- Genre: Game show
- Created by: Glenn Barden Dave Hills
- Directed by: Sue McMahon
- Presented by: Dale Winton
- Country of origin: United Kingdom
- Original language: English
- No. of series: 1
- No. of episodes: 5

Production
- Executive producer: Sharon Ali
- Production location: Lakeside Shopping Centre
- Production company: Vascha Productions

Original release
- Network: Channel 5
- Release: 11 March – 15 March 2001

= Touch the Truck =

British game show

Touch the Truck was a British Channel 5 endurance game show which aired in March 2001. Hosted by Dale Winton, it involved a group of 20 contestants holding onto a stationary Toyota Land Cruiser Amazon truck for as long as they could. The last person left touching the truck won it.

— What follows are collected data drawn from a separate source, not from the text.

(* Let $F$ be a graph of diameter $2$, $n=|V(F)|$, $t=\delta(F)$, and let $l>n$ be an integer. Then $\delta_l\le n!\,C_{l-2}^{n-t-2}$.
   Context: All graphs are simple, finite, undirected. The $F$-degree of a vertex $v$ in $G$ is the number of subgraphs of $G$ (not necessarily induced) isomorphic to $F$ and containing $v$. $A_{2l-1}$ is the graph with vertex set $\{1,\dots,2l-1\}$ in which distinct $i,j$ are adjacent iff $|i-j|\le l-1$; $F_{2l}$ is obtained from $A_{2l-1}$ by adding a new vertex $2l$ joined exactly to $1,\dots,t$. $z_i$ is the $F$-degree of $i$ in $A_{2l-1}$, $f_i$ the $F$-degree of $i$ in $F_{2l}$, and $\delta_i=f_i-z_i$. $C_m^k=\frac{m!}{k!(m-k)!}$ for integers $m\ge k\ge 0$, and $C_m^k=0$ otherwise. *)

theory Defs
  imports Main
begin

definition simple_graph :: "'a set \<Rightarrow> 'a set set \<Rightarrow> bool" where
  "simple_graph V E \<longleftrightarrow> finite V \<and>
     (\<forall>e\<in>E. \<exists>x y. x \<noteq> y \<and> e = {x, y} \<and> x \<in> V \<and> y \<in> V)"

definition degree :: "'a set set \<Rightarrow> 'a \<Rightarrow> nat" where
  "degree E v = card {u. {v, u} \<in> E}"

definition min_degree :: "'a set \<Rightarrow> 'a set set \<Rightarrow> nat" where
  "min_degree V E = Min (degree E ` V)"

fun walk :: "'a set set \<Rightarrow> 'a list \<Rightarrow> bool" where
  "walk E [] = True"
| "walk E [x] = True"
| "walk E (x # y # xs) = ({x, y} \<in> E \<and> walk E (y # xs))"

definition dist_le :: "'a set \<Rightarrow> 'a set set \<Rightarrow> 'a \<Rightarrow> 'a \<Rightarrow> nat \<Rightarrow> bool" where
  "dist_le V E u v k \<longleftrightarrow> (\<exists>xs. xs \<noteq> [] \<and> hd xs = u \<and> last xs = v \<and> set xs \<subseteq> V
       \<and> walk E xs \<and> length xs \<le> k + 1)"

definition has_diameter :: "'a set \<Rightarrow> 'a set set \<Rightarrow> nat \<Rightarrow> bool" where
  "has_diameter V E d \<longleftrightarrow> (\<forall>u\<in>V. \<forall>v\<in>V. dist_le V E u v d) \<and>
       (\<exists>u\<in>V. \<exists>v\<in>V. \<not> dist_le V E u v (d - 1))"

definition graph_iso :: "'b set \<Rightarrow> 'b set set \<Rightarrow> 'a set \<Rightarrow> 'a set set \<Rightarrow> bool" where
  "graph_iso V1 E1 V2 E2 \<longleftrightarrow> (\<exists>f. bij_betw f V1 V2 \<and>
      (\<forall>x\<in>V1. \<forall>y\<in>V1. {x, y} \<in> E1 \<longleftrightarrow> {f x, f y} \<in> E2))"

text \<open>F-degree of v in G: number of (not necessarily induced) subgraphs of G
  isomorphic to F that contain v.\<close>
definition F_degree :: "'b set \<Rightarrow> 'b set set \<Rightarrow> 'a set \<Rightarrow> 'a set set \<Rightarrow> 'a \<Rightarrow> nat" where
  "F_degree VF EF V E v = card {(W, D). W \<subseteq> V \<and> D \<subseteq> E \<and> (\<forall>e\<in>D. e \<subseteq> W) \<and> v \<in> W
      \<and> graph_iso VF EF W D}"

text \<open>A_{2l-1}: vertices 1..2l-1, i~j iff 0<|i-j|<=l-1\<close>
definition A_V :: "nat \<Rightarrow> nat set" where
  "A_V l = {1..2*l-1}"

definition A_E :: "nat \<Rightarrow> nat set set" where
  "A_E l = {{i, j} | i j. i \<in> A_V l \<and> j \<in> A_V l \<and> i \<noteq> j \<and> i - j \<le> l - 1 \<and> j - i \<le> l - 1}"

text \<open>F_{2l}: add vertex 2l joined exactly to 1..t\<close>
definition FF_V :: "nat \<Rightarrow> nat set" where
  "FF_V l = {1..2*l}"

definition FF_E :: "nat \<Rightarrow> nat \<Rightarrow> nat set set" where
  "FF_E l t = A_E l \<union> {{2*l, i} | i. 1 \<le> i \<and> i \<le> t}"

text \<open>C_m^k, zero outside 0<=k<=m\<close>
definition Cb :: "int \<Rightarrow> int \<Rightarrow> int" where
  "Cb m k = (if 0 \<le> k \<and> k \<le> m then int (nat m choose nat k) else 0)"

end

theory Submission
  imports Defs "HOL-Combinatorics.Permutations"
begin

text \<open>A copy of F in F_{2l} through l either avoids the new vertex 2l, and then it is a copy in
  A_{2l-1}, or it contains 2l. In the second case the preimage of 2l has at least t neighbours,
  which must be mapped onto the t neighbours 1..t of 2l; as F has diameter 2, every other vertex
  is adjacent to one of them and so lies in 1..t+l-1. Hence the vertex set consists of 1..t, l,
  2l and n-t-2 of the l-2 vertices of {t+1..t+l-1} - {l}, and on a fixed vertex set there are at
  most n! edge sets, namely the images of the edges of F under bijections.\<close>

lemma simple_graph_edgeD:
  assumes "simple_graph V E" and "{u, v} \<in> E"
  shows "u \<noteq> v" and "u \<in> V" and "v \<in> V"
  using assms unfolding simple_graph_def by (metis doubleton_eq_iff)+

lemma dist_le_refl: "u \<in> V \<Longrightarrow> dist_le V E u u k"
  unfolding dist_le_def by (rule exI[of _ "[u]"]) simp

lemma dist_le_1_if_edge: "u \<in> V \<Longrightarrow> v \<in> V \<Longrightarrow> {u, v} \<in> E \<Longrightarrow> dist_le V E u v 1"
  unfolding dist_le_def by (rule exI[of _ "[u, v]"]) simp

lemma dist_le_2_cases:
  assumes "dist_le V E u v 2"
  obtains "u = v" | "{u, v} \<in> E" | w where "w \<in> V" and "{u, w} \<in> E" and "{w, v} \<in> E"
proof -
  obtain xs where xs: "xs \<noteq> []" "hd xs = u" "last xs = v" "set xs \<subseteq> V" "walk E xs"
      "length xs \<le> 3"
    using assms unfolding dist_le_def by (auto simp: numeral_3_eq_3)
  then consider "xs = [u]" | "xs = [u, v]" | w where "xs = [u, w, v]"
    by (auto simp: length_Suc_conv le_Suc_eq numeral_3_eq_3)
  then show ?thesis
    using xs that by cases auto
qed

lemma finite_neighbours:
  assumes "simple_graph V E"
  shows "finite {v. {u, v} \<in> E}"
proof (rule finite_subset)
  show "{v. {u, v} \<in> E} \<subseteq> V"
    using simple_graph_edgeD(3)[OF assms] by blast
  show "finite V"
    using assms by (simp add: simple_graph_def)
qed

lemma diameter_2_min_degree_bounds:
  assumes G: "simple_graph V E" and diam: "has_diameter V E 2"
  shows "1 \<le> min_degree V E" and "min_degree V E + 2 \<le> card V"
proof -
  have finV: "finite V"
    using G by (simp add: simple_graph_def)
  obtain u0 v0 where uv0: "u0 \<in> V" "v0 \<in> V" "\<not> dist_le V E u0 v0 1"
    using diam by (auto simp: has_diameter_def)
  then have "u0 \<noteq> v0" and "{u0, v0} \<notin> E"
    using dist_le_refl[of u0 V E 1] dist_le_1_if_edge[of u0 V v0 E] by auto
  have "1 \<le> degree E u" if u: "u \<in> V" for u
  proof -
    obtain v where v: "v \<in> V" "v \<noteq> u"
      using uv0 \<open>u0 \<noteq> v0\<close> by metis
    then have "dist_le V E u v 2"
      using diam u by (simp add: has_diameter_def)
    then have "{v. {u, v} \<in> E} \<noteq> {}"
      by (rule dist_le_2_cases) (use v in auto)
    then show ?thesis
      using finite_neighbours[OF G] by (simp add: degree_def Suc_le_eq card_gt_0_iff)
  qed
  then show "1 \<le> min_degree V E"
    unfolding min_degree_def using finV uv0 by (intro Min.boundedI) auto
  have pair: "{u0, v0} \<subseteq> V" "card {u0, v0} = 2"
    using uv0 \<open>u0 \<noteq> v0\<close> by auto
  have "min_degree V E \<le> degree E u0"
    using finV uv0 by (simp add: min_degree_def)
  also have "\<dots> \<le> card (V - {u0, v0})"
    unfolding degree_def using finV simple_graph_edgeD[OF G] \<open>{u0, v0} \<notin> E\<close>
    by (intro card_mono) blast+
  also have "\<dots> = card V - 2"
    using pair by (simp add: card_Diff_subset)
  finally show "min_degree V E + 2 \<le> card V"
    using card_mono[OF finV pair(1)] pair(2) by linarith
qed

lemma iso_image_diameter_2:
  assumes diam: "has_diameter VF EF 2" and f: "bij_betw f VF W"
    and fE: "\<forall>x\<in>VF. \<forall>y\<in>VF. {x, y} \<in> EF \<longleftrightarrow> {f x, f y} \<in> D"
    and "u \<in> W" and "w \<in> W"
  shows "u = w \<or> {u, w} \<in> D \<or> (\<exists>q\<in>W. {u, q} \<in> D \<and> {q, w} \<in> D)"
proof -
  obtain x y where xy: "x \<in> VF" "y \<in> VF" "u = f x" "w = f y"
    using f \<open>u \<in> W\<close> \<open>w \<in> W\<close> by (auto simp: bij_betw_def)
  then have "dist_le VF EF x y 2"
    using diam by (simp add: has_diameter_def)
  then show ?thesis
  proof (cases rule: dist_le_2_cases)
    case (3 z)
    then have "f z \<in> W"
      using f by (auto simp: bij_betw_def)
    then show ?thesis
      using 3 fE xy by blast
  qed (use fE xy in auto)
qed

lemma iso_image_degree_ge:
  assumes G: "simple_graph VF EF" and f: "bij_betw f VF W"
    and fE: "\<forall>x\<in>VF. \<forall>y\<in>VF. {x, y} \<in> EF \<longleftrightarrow> {f x, f y} \<in> D"
    and fin: "finite {w. {f x, w} \<in> D}" and x: "x \<in> VF"
  shows "degree EF x \<le> card {w. {f x, w} \<in> D}"
proof -
  have N: "{y. {x, y} \<in> EF} \<subseteq> VF"
    using simple_graph_edgeD(3)[OF G] by blast
  then have "f ` {y. {x, y} \<in> EF} \<subseteq> {w. {f x, w} \<in> D}"
    using fE x by blast
  moreover have "inj_on f {y. {x, y} \<in> EF}"
    using f N by (auto simp: bij_betw_def intro: inj_on_subset)
  ultimately show ?thesis
    unfolding degree_def using fin by (metis card_image card_mono)
qed

lemma iso_image_edges:
  assumes G: "simple_graph VF EF" and f: "bij_betw f VF W"
    and fE: "\<forall>x\<in>VF. \<forall>y\<in>VF. {x, y} \<in> EF \<longleftrightarrow> {f x, f y} \<in> D"
    and D: "\<forall>e\<in>D. \<exists>u\<in>W. \<exists>v\<in>W. e = {u, v}"
  shows "D = (`) f ` EF"
proof
  show "D \<subseteq> (`) f ` EF"
  proof
    fix e assume "e \<in> D"
    moreover obtain x y where "x \<in> VF" "y \<in> VF" "e = {f x, f y}"
      using D \<open>e \<in> D\<close> f by (auto simp: bij_betw_def)
    ultimately show "e \<in> (`) f ` EF"
      using fE by (intro image_eqI[of _ _ "{x, y}"]) auto
  qed
  show "(`) f ` EF \<subseteq> D"
    using G fE unfolding simple_graph_def by auto
qed

definition iso_images :: "'b set \<Rightarrow> 'b set set \<Rightarrow> 'a set \<Rightarrow> 'a set set set" where
  "iso_images VF EF W = {(`) f ` EF | f. bij_betw f VF W}"

lemma iso_images_subset_permutations:
  assumes EF: "\<forall>e\<in>EF. e \<subseteq> VF" and g: "bij_betw g VF W"
  shows "iso_images VF EF W \<subseteq> (\<lambda>p. (`) (g \<circ> p) ` EF) ` {p. p permutes VF}"
proof
  fix D assume "D \<in> iso_images VF EF W"
  then obtain f where f: "bij_betw f VF W" and D: "D = (`) f ` EF"
    unfolding iso_images_def by blast
  define p where "p x = (if x \<in> VF then inv_into VF g (f x) else x)" for x
  have "bij_betw (inv_into VF g \<circ> f) VF VF"
    using f bij_betw_inv_into[OF g] by (rule bij_betw_trans)
  then have "bij_betw p VF VF"
    using bij_betw_cong[of VF p "inv_into VF g \<circ> f" VF] by (simp add: p_def)
  then have p: "p permutes VF"
    by (rule bij_imp_permutes) (simp add: p_def)
  have gp: "g (p x) = f x" if "x \<in> VF" for x
    using that f g by (auto simp: p_def bij_betw_def f_inv_into_f)
  have "(`) (g \<circ> p) ` EF = D"
    unfolding D
  proof (rule image_cong[OF refl])
    fix e assume "e \<in> EF"
    then show "(g \<circ> p) ` e = f ` e"
      using EF gp by (intro image_cong) auto
  qed
  then show "D \<in> (\<lambda>p. (`) (g \<circ> p) ` EF) ` {p. p permutes VF}"
    using p by blast
qed

lemma finite_iso_images:
  assumes "finite VF" and "\<forall>e\<in>EF. e \<subseteq> VF"
  shows "finite (iso_images VF EF W)"
proof (cases "iso_images VF EF W = {}")
  case False
  then obtain g where "bij_betw g VF W"
    unfolding iso_images_def by blast
  then show ?thesis
    using iso_images_subset_permutations assms
    by (metis finite_permutations finite_imageI finite_subset)
qed simp

lemma card_iso_images_le:
  assumes "finite VF" and "\<forall>e\<in>EF. e \<subseteq> VF"
  shows "card (iso_images VF EF W) \<le> fact (card VF)"
proof (cases "iso_images VF EF W = {}")
  case False
  then obtain g where g: "bij_betw g VF W"
    unfolding iso_images_def by blast
  let ?P = "{p. p permutes VF}"
  have "card (iso_images VF EF W) \<le> card ((\<lambda>p. (`) (g \<circ> p) ` EF) ` ?P)"
    using iso_images_subset_permutations[OF assms(2) g] assms(1)
    by (intro card_mono) (simp_all add: finite_permutations)
  also have "\<dots> \<le> card ?P"
    using assms(1) by (intro card_image_le) (simp add: finite_permutations)
  also have "\<dots> = fact (card VF)"
    using assms(1) by (simp add: card_permutations)
  finally show ?thesis .
qed simp

lemma FF_E_top_neighbour: "{2 * l, w} \<in> FF_E l t \<Longrightarrow> w \<in> {1..t}"
  unfolding FF_E_def A_E_def A_V_def by (auto simp: doubleton_eq_iff)

lemma FF_E_span: "{u, w} \<in> FF_E l t \<Longrightarrow> u \<noteq> 2 * l \<Longrightarrow> w \<noteq> 2 * l \<Longrightarrow> w \<le> u + (l - 1)"
  unfolding FF_E_def A_E_def by (auto simp: doubleton_eq_iff)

The show was filmed at the Lakeside Shopping Centre in West Thurrock, Essex.

Jerry Middleton, 39, from Winchester, was the winner; he managed to stay awake touching the vehicle for 81 hours, 43 minutes, and 31 seconds. He stated that he was going to sell the vehicle to fund a political party. Middleton stood in the southwestern London seat of Kingston and Surbiton in 2001 and came in last place, with 0.1% of votes cast.

==Rules==
According to the rules of the competition, disqualification would occur when:

- a contestant took a longer break than allotted (ten minutes every two hours, and fifteen minutes every six hours).
- a contestant removed both hands from the truck while not on a break, or
- a contestant fell asleep.

==The format==
The format was devised by Glenn Barden and Dave Hills and is owned by Vashca. It has been subsequently licensed to the Philippines, Indonesia, Portugal, and Turkey.

==In popular culture==
The show played a significant part in the second episode of Diane Morgan's 2020 BBC sitcom Mandy.